(* Let $\Gamma$ be a MaxSAT instance encoded with blocking variables $b_1,\dots,b_m$, with $\mathrm{cost}(\Gamma)=k$. Then there is a derivation in the cost-SPR calculus from $\Gamma$ of the unit clauses $b_{i_1},\dots,b_{i_k}$ for some $k$ distinct indices $i_1,\dots,i_k$ and of all unit clauses $\lnot b_j$ for $j\notin\{i_1,\dots,i_k\}$.
   Context: Literals, clauses, CNFs (multisets of clauses), $\mathrm{Var}(\Gamma)$. A substitution $\sigma$ maps each variable to $0$, $1$ or a literal, extended by $\sigma(\lnot x)=\lnot\sigma(x)$, $\sigma(0)=0$, $\sigma(1)=1$; $(\sigma\circ\tau)(x)=\sigma(\tau(x))$. A (partial) assignment has $\sigma(x)\in\{0,1,x\}$; its domain is $\sigma^{-1}(\{0,1\})$; total means all variables get Boolean values. $C{\upharpoonright}_\sigma$: apply $\sigma$ to each literal and simplify; $\sigma\models C$ if the result is $1$ or tautological; $\Gamma{\upharpoonright}_\sigma$ is the multiset of $C{\upharpoonright}_\sigma\neq1$ for $C\in\Gamma$. $\lnot C$ is the partial assignment falsifying all literals of $C$; $\tau\supseteq\rho$ means $\tau$ extends $\rho$. $\Gamma\vdash_1 C$ means unit propagation on $\Gamma{\upharpoonright}_{\lnot C}$ derives the empty clause; $\Gamma\vdash_1\Delta$ means $\Gamma\vdash_1 D$ for all $D\in\Delta$. A MaxSAT instance encoded with blocking variables is a CNF $\Gamma=H\cup\{C_1\lor b_1,\dots,C_m\lor b_m\}$ with distinct fresh variables $b_i$ (blocking variables). $\mathrm{cost}(\alpha)=\sum_i\alpha(b_i)$ for total $\alpha$; $\mathrm{cost}(\Gamma)=\min\{\mathrm{cost}(\alpha):\alpha\models\Gamma\}$. A clause $C$ is cost-SR w.r.t. $\Gamma$ via $\sigma$ if (1) $\Gamma{\upharpoonright}_{\lnot C}\vdash_1(\Gamma\cup\{C\}){\upharpoonright}_\sigma$ and (2) $\mathrm{cost}(\tau\circ\sigma)\le\mathrm{cost}(\tau)$ for all total $\tau\supseteq\lnot C$. It is cost-SPR if such a $\sigma$ exists that is a partial assignment with the same domain as $\lnot C$. A derivation in the cost-SPR calculus from $\Gamma$ is a sequence $D_1,\dots,D_t$ where each $D_i$ is in $\Gamma$, or follows from earlier clauses by weakening or resolution, or is cost-SPR w.r.t. $\Gamma\cup\{D_1,\dots,D_{i-1}\}$ with $\mathrm{Var}(D_i)\subseteq\mathrm{Var}(\Gamma)$. *)

theory Defs
  imports Main "HOL-Library.Multiset"
begin

datatype 'v lit = Pos 'v | Neg 'v

fun neg_lit :: "'v lit \<Rightarrow> 'v lit" where
  "neg_lit (Pos x) = Neg x"
| "neg_lit (Neg x) = Pos x"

TASK STATEMENT ::
Output only the lines from the one that contains "theory Defs" through the last line of the data above, each restated exactly.

ANSWER SPACE ::
theory Defs
  imports Main "HOL-Library.Multiset"
begin

datatype 'v lit = Pos 'v | Neg 'v

fun neg_lit :: "'v lit \<Rightarrow> 'v lit" where
  "neg_lit (Pos x) = Neg x"
| "neg_lit (Neg x) = Pos x"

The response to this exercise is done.